Only the lines below between the ones containing "real (Suc n)))" and "M \<Longrightarrow> r", inclusive, are to be reproduced, each exactly as it stands.

(Collected data entries)
■ ■ ■ ■
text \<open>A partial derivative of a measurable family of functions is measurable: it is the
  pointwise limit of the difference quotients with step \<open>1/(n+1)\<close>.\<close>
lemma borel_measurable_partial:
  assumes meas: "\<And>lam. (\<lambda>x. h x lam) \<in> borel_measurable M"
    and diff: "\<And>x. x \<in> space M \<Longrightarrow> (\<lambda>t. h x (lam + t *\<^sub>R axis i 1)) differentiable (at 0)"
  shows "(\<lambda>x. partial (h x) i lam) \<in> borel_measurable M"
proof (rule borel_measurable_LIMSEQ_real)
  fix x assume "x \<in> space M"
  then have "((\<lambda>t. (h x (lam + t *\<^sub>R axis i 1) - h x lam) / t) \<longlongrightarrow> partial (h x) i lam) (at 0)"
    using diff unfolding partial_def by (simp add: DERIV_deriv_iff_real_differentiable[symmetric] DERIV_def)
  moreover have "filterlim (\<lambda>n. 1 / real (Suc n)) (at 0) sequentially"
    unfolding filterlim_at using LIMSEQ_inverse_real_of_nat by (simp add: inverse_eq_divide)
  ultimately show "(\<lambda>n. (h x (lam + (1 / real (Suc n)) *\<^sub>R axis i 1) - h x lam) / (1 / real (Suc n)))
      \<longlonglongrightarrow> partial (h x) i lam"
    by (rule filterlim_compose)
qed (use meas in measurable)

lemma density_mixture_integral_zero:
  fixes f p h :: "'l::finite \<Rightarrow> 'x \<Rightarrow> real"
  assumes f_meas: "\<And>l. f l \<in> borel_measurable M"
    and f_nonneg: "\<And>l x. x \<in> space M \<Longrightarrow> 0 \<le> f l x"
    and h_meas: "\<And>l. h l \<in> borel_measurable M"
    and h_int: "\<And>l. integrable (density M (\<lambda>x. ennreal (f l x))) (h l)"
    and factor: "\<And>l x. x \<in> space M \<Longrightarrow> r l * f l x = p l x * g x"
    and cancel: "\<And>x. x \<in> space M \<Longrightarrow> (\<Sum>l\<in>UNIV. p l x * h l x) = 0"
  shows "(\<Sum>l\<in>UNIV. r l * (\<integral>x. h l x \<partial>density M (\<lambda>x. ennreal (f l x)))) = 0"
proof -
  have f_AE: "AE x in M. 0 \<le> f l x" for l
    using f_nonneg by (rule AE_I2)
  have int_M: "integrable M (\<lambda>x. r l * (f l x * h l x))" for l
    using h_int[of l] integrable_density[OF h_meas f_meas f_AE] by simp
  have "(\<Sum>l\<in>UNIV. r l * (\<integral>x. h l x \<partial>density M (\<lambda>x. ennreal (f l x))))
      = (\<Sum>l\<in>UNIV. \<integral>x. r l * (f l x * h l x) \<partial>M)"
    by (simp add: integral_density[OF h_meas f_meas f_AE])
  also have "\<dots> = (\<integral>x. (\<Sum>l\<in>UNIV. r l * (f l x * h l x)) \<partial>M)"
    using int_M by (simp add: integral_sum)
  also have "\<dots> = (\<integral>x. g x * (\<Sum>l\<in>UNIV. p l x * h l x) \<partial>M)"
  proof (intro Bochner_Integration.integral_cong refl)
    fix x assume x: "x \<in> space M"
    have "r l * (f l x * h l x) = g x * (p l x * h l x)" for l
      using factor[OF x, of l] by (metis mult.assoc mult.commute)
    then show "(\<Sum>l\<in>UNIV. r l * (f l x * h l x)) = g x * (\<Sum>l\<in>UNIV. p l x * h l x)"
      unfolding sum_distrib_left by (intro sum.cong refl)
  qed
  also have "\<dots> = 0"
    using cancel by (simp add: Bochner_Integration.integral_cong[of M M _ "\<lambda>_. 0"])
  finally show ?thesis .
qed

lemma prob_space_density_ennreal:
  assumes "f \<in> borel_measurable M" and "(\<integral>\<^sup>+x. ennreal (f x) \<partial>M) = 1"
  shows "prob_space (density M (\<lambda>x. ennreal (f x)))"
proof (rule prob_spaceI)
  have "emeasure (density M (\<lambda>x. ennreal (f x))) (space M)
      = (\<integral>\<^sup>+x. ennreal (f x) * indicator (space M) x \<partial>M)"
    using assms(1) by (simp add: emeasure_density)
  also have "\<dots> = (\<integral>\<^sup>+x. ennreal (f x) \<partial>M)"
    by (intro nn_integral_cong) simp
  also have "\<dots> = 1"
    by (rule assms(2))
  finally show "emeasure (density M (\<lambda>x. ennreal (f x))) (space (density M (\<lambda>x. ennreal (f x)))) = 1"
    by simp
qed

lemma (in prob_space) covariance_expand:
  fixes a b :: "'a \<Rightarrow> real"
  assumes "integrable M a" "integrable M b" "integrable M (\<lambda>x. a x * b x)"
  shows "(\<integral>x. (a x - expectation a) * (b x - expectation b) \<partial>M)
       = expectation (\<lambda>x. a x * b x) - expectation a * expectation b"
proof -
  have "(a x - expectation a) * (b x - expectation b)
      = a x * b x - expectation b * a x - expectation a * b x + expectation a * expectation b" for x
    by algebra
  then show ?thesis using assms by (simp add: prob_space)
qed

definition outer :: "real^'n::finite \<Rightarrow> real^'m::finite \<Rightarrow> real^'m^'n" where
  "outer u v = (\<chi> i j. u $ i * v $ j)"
■ ■ ■ ■
_Solution for this problem_
  ultimately show "(\<lambda>n. (h x (lam + (1 / real (Suc n)) *\<^sub>R axis i 1) - h x lam) / (1 / real (Suc n)))
      \<longlonglongrightarrow> partial (h x) i lam"
    by (rule filterlim_compose)
qed (use meas in measurable)

lemma density_mixture_integral_zero:
  fixes f p h :: "'l::finite \<Rightarrow> 'x \<Rightarrow> real"
  assumes f_meas: "\<And>l. f l \<in> borel_measurable M"
    and f_nonneg: "\<And>l x. x \<in> space M \<Longrightarrow> 0 \<le> f l x"
    and h_meas: "\<And>l. h l \<in> borel_measurable M"
    and h_int: "\<And>l. integrable (density M (\<lambda>x. ennreal (f l x))) (h l)"
    and factor: "\<And>l x. x \<in> space M \<Longrightarrow> r l * f l x = p l x * g x"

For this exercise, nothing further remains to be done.